> [ASSIGNMENT]
Your answer is a copy of every line in the records where "lambda" appears.

Segment Start: DATA SUPPLIED

definition sq_norm :: "nat \<Rightarrow> (nat \<Rightarrow> real) \<Rightarrow> real" where
  "sq_norm K z = (\<Sum>l\<le>K. (z l)\<^sup>2)"

lemma Gmap_forms: "Gmap n d A \<in> forms n (2*d)"
proof -
  have "Gmap n d A \<gamma> = 0" if "\<gamma> \<notin> exps n (2*d)" for \<gamma>
  proof -
    have "(\<lambda>l. mon_exp n d a l + mon_exp n d b l) \<noteq> \<gamma>" if "a \<le> kdim n d" "b \<le> kdim n d" for a b
      using exps_add[OF mon_exp_in_exps mon_exp_in_exps, OF that] \<open>\<gamma> \<notin> exps n (2*d)\<close>
      by (auto simp: mult_2)
    then show ?thesis unfolding Gmap_def by (auto intro: sum.neutral)
  qed
  then show ?thesis by (auto simp: forms_def)
qed

lemma Gmap_add: "Gmap n d (\<lambda>a b. A a b + c * B a b) \<gamma> = Gmap n d A \<gamma> + c * Gmap n d B \<gamma>"
  unfolding Gmap_def by (simp add: case_prod_unfold sum.distrib sum_distrib_left)

lemma Gmap_scale: "Gmap n d (\<lambda>a b. c * B a b) \<gamma> = c * Gmap n d B \<gamma>"
  unfolding Gmap_def by (simp add: case_prod_unfold sum_distrib_left)

lemma Gmap_sum: "Gmap n d (\<lambda>a b. \<Sum>j\<in>J. c j * B j a b) \<gamma> = (\<Sum>j\<in>J. c j * Gmap n d (B j) \<gamma>)"
  unfolding Gmap_def case_prod_unfold sum_distrib_left by (rule sum.swap)

lemma Gmap_tendsto:
  assumes "\<forall>a\<le>kdim n d. \<forall>b\<le>kdim n d. (\<lambda>m. A m a b) \<longlonglongrightarrow> B a b"
  shows "(\<lambda>m. Gmap n d (A m) \<gamma>) \<longlonglongrightarrow> Gmap n d B \<gamma>"
  unfolding Gmap_def case_prod_unfold using assms by (intro tendsto_sum) auto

Segment End: DATA SUPPLIED

> [WRITTEN RESPONSE]
    have "(\<lambda>l. mon_exp n d a l + mon_exp n d b l) \<noteq> \<gamma>" if "a \<le> kdim n d" "b \<le> kdim n d" for a b
lemma Gmap_add: "Gmap n d (\<lambda>a b. A a b + c * B a b) \<gamma> = Gmap n d A \<gamma> + c * Gmap n d B \<gamma>"
lemma Gmap_scale: "Gmap n d (\<lambda>a b. c * B a b) \<gamma> = c * Gmap n d B \<gamma>"
lemma Gmap_sum: "Gmap n d (\<lambda>a b. \<Sum>j\<in>J. c j * B j a b) \<gamma> = (\<Sum>j\<in>J. c j * Gmap n d (B j) \<gamma>)"
  assumes "\<forall>a\<le>kdim n d. \<forall>b\<le>kdim n d. (\<lambda>m. A m a b) \<longlonglongrightarrow> B a b"
  shows "(\<lambda>m. Gmap n d (A m) \<gamma>) \<longlonglongrightarrow> Gmap n d B \<gamma>"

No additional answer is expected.